Entries supplied:
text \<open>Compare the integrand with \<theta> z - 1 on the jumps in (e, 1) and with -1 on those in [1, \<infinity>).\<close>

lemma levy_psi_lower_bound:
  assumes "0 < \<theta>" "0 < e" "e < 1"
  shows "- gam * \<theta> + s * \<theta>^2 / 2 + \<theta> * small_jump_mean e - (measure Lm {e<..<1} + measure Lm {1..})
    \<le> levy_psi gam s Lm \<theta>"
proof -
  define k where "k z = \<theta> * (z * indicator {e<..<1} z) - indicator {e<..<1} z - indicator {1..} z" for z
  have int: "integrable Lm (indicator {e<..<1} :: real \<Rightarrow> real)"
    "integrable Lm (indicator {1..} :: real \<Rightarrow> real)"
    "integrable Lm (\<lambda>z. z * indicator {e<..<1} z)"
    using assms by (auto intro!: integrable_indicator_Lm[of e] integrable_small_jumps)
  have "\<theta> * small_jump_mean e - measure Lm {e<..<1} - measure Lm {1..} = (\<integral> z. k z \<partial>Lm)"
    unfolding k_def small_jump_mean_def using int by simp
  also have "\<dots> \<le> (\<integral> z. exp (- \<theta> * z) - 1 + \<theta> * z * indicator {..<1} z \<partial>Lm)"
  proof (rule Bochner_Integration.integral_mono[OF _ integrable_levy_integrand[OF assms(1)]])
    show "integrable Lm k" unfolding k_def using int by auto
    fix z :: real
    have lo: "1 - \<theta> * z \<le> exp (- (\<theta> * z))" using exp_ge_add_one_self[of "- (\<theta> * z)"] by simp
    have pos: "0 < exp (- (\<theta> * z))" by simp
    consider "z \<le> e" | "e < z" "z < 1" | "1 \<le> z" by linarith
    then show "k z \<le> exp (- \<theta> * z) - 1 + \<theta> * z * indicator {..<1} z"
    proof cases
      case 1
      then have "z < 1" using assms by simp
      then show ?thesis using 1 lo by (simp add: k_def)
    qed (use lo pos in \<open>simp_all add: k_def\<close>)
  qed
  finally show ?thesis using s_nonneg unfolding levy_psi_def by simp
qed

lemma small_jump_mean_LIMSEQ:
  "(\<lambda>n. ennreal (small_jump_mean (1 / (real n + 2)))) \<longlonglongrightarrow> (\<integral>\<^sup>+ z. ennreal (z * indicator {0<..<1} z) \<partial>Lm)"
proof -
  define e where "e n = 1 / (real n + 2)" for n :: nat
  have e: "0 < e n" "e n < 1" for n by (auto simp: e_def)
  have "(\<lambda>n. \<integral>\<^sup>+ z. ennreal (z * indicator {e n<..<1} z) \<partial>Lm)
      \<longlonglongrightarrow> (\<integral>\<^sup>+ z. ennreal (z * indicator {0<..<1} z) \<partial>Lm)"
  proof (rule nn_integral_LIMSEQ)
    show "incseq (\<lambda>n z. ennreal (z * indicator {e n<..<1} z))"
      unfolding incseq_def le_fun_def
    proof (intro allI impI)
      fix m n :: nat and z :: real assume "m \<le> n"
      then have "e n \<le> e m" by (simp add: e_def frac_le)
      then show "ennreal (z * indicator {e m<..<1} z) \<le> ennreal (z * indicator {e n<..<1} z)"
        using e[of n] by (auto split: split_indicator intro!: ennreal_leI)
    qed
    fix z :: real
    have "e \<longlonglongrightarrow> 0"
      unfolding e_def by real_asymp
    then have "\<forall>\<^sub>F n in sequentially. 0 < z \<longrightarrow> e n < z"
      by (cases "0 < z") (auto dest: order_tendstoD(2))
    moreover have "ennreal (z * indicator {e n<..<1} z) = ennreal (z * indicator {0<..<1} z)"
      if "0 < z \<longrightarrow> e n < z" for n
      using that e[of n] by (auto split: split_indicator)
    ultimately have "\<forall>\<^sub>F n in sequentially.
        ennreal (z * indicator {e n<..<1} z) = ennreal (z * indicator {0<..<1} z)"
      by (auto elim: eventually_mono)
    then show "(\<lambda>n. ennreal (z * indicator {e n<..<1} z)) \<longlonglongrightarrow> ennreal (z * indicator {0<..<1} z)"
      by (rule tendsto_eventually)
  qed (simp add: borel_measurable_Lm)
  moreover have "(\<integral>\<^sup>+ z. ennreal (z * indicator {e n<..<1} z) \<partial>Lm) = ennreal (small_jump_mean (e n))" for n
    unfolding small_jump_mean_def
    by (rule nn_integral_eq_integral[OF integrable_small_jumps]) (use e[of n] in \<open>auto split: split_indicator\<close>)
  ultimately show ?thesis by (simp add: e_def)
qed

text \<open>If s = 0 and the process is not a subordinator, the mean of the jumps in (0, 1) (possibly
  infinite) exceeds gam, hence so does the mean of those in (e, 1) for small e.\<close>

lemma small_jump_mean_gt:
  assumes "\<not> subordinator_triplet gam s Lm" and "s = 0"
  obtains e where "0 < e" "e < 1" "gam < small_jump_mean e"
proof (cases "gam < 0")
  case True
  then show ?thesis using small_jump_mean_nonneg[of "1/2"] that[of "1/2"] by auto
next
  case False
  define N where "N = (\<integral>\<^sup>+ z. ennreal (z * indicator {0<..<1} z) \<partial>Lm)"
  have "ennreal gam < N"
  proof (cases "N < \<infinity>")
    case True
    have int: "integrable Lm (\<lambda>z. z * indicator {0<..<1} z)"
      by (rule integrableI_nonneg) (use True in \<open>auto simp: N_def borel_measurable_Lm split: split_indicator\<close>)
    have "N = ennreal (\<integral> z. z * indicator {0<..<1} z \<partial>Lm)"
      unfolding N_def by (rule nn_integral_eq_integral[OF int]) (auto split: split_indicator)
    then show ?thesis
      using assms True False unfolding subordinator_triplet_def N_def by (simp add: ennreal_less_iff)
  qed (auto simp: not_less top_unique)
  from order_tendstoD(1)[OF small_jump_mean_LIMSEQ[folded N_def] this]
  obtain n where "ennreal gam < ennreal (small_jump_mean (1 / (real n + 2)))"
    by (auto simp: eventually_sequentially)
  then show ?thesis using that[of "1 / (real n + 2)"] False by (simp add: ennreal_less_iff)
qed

* * *

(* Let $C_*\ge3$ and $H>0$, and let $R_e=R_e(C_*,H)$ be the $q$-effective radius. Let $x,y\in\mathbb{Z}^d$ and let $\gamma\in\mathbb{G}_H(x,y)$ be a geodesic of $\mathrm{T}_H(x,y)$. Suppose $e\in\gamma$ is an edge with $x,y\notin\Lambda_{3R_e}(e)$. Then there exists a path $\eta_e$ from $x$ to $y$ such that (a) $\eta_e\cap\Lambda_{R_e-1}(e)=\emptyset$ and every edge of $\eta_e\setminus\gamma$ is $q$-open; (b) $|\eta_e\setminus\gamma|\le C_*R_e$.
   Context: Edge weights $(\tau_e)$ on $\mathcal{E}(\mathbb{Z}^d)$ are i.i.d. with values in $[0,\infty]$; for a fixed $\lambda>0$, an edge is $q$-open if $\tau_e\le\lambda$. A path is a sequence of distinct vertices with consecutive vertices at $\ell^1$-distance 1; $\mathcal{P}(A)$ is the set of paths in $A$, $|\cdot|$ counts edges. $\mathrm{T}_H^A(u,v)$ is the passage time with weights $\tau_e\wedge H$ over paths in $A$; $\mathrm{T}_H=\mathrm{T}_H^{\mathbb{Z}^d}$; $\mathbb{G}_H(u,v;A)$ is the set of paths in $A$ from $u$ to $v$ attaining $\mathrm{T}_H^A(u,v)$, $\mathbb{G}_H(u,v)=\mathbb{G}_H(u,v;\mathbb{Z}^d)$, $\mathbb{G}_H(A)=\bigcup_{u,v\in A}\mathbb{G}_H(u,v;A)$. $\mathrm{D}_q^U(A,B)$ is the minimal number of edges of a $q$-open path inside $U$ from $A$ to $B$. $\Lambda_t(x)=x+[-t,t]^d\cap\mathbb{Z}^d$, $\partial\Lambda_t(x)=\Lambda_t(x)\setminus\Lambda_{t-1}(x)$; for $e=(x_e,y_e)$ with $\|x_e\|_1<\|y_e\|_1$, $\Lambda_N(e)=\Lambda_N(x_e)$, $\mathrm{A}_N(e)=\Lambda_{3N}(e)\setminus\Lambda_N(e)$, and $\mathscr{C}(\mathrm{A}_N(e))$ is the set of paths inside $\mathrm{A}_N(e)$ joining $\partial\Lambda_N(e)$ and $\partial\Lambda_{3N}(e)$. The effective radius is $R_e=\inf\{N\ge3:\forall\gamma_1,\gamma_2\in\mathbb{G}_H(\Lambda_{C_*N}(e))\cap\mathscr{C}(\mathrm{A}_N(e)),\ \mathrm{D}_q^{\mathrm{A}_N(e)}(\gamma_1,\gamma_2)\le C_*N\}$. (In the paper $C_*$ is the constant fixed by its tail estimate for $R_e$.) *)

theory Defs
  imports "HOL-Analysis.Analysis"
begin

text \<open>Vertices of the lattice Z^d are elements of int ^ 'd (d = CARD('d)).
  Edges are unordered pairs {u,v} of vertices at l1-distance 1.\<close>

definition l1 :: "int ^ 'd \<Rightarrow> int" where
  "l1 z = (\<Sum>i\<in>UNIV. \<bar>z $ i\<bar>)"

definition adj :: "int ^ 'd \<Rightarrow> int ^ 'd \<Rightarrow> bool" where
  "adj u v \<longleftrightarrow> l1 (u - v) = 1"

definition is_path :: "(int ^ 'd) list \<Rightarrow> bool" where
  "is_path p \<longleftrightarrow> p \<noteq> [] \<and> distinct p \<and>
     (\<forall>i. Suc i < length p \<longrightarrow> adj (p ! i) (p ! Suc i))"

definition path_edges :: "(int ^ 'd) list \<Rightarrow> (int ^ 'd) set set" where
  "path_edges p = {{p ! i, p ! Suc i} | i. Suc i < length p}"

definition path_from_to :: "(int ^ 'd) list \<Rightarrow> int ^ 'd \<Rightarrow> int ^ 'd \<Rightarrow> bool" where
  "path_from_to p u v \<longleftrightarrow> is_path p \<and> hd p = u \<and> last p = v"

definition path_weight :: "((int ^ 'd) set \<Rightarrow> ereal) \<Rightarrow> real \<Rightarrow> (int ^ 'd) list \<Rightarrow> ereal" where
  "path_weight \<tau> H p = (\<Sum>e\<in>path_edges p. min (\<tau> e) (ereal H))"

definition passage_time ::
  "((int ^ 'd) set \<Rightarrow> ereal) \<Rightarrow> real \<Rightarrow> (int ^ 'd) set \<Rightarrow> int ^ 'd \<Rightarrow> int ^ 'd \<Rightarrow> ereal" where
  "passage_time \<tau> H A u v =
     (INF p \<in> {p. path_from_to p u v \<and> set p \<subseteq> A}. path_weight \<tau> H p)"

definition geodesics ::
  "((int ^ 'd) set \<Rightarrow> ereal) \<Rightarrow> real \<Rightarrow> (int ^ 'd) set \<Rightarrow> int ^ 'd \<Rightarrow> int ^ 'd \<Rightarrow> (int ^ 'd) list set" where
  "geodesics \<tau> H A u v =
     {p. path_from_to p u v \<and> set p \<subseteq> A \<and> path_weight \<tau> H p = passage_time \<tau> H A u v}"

---

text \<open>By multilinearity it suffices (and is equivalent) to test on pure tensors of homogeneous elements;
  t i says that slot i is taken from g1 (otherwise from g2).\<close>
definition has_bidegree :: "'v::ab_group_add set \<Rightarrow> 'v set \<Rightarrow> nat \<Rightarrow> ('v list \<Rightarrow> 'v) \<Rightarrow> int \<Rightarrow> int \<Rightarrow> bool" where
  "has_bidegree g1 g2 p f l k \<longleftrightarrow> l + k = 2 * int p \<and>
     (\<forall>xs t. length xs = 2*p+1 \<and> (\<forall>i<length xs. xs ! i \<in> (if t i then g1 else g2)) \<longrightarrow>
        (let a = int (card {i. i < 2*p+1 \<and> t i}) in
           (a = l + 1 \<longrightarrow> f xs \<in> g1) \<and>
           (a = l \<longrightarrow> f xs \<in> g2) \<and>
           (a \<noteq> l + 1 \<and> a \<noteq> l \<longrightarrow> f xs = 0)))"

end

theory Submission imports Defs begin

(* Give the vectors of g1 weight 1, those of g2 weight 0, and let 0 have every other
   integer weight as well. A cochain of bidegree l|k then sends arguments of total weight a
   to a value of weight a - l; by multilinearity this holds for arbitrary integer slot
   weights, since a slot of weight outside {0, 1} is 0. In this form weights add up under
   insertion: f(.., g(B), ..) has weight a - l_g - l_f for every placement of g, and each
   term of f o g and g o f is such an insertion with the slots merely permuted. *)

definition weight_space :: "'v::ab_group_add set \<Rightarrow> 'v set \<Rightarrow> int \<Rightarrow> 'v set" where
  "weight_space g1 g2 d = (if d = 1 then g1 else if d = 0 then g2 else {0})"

Description of the task:
Above are records; repeat only the lines starting at the line with "int p \<and>" and ending at the line with "(a = l \<longrightarrow>", exactly as they appear, both included.

Solved problem:
  "has_bidegree g1 g2 p f l k \<longleftrightarrow> l + k = 2 * int p \<and>
     (\<forall>xs t. length xs = 2*p+1 \<and> (\<forall>i<length xs. xs ! i \<in> (if t i then g1 else g2)) \<longrightarrow>
        (let a = int (card {i. i < 2*p+1 \<and> t i}) in
           (a = l + 1 \<longrightarrow> f xs \<in> g1) \<and>
           (a = l \<longrightarrow> f xs \<in> g2) \<and>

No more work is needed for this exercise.